Please return every line from the entries that has the string "auto" in it.

--------

lemma fq_subspace_set_plus:
  assumes X: "fq_subspace F X" and Y: "fq_subspace F Y"
  shows "fq_subspace F {u + v | u v. u \<in> X \<and> v \<in> Y}"
  unfolding fq_subspace_def
proof (intro conjI ballI)
  have "0 + 0 \<in> {u + v | u v. u \<in> X \<and> v \<in> Y}"
    using fq_subspace_0[OF X] fq_subspace_0[OF Y] by blast
  then show "0 \<in> {u + v | u v. u \<in> X \<and> v \<in> Y}" by simp
next
  fix x y assume "x \<in> {u + v | u v. u \<in> X \<and> v \<in> Y}" "y \<in> {u + v | u v. u \<in> X \<and> v \<in> Y}"
  then obtain u v u' v' where uv: "x = u + v" "y = u' + v'" "u \<in> X" "v \<in> Y" "u' \<in> X" "v' \<in> Y"
    by blast
  have "x + y = (u + u') + (v + v')" using uv(1,2) by (simp add: algebra_simps)
  moreover have "u + u' \<in> X" "v + v' \<in> Y"
    using uv(3-6) fq_subspace_add[OF X] fq_subspace_add[OF Y] by auto
  ultimately show "x + y \<in> {u + v | u v. u \<in> X \<and> v \<in> Y}" by blast
next
  fix c x assume c: "c \<in> F" and "x \<in> {u + v | u v. u \<in> X \<and> v \<in> Y}"
  then obtain u v where uv: "x = u + v" "u \<in> X" "v \<in> Y" by blast
  have "c * x = c * u + c * v" using uv(1) by (simp add: algebra_simps)
  moreover have "c * u \<in> X" "c * v \<in> Y"
    using uv(2,3) fq_subspace_scale[OF X c] fq_subspace_scale[OF Y c] by auto
  ultimately show "c * x \<in> {u + v | u v. u \<in> X \<and> v \<in> Y}" by blast
qed

lemma fq_subspace_sum:
  assumes U: "fq_subspace F U" and "finite T" "T \<subseteq> U" "\<forall>t\<in>T. c t \<in> F"
  shows "(\<Sum>t\<in>T. c t * t) \<in> U"
  using assms(2-4)
proof (induction T rule: finite_induct)
  case empty
  then show ?case using fq_subspace_0[OF U] by simp
next
  case (insert t T)
  then have "c t * t \<in> U" "(\<Sum>t\<in>T. c t * t) \<in> U" using fq_subspace_scale[OF U] by auto
  then show ?case using insert fq_subspace_add[OF U] by simp
qed

lemma fq_span_subset: "fq_subspace F U \<Longrightarrow> S \<subseteq> U \<Longrightarrow> fq_span F S \<subseteq> U"
  unfolding fq_span_def using fq_subspace_sum by blast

--------

Written solution:
    using uv(3-6) fq_subspace_add[OF X] fq_subspace_add[OF Y] by auto
    using uv(2,3) fq_subspace_scale[OF X c] fq_subspace_scale[OF Y c] by auto
  then have "c t * t \<in> U" "(\<Sum>t\<in>T. c t * t) \<in> U" using fq_subspace_scale[OF U] by auto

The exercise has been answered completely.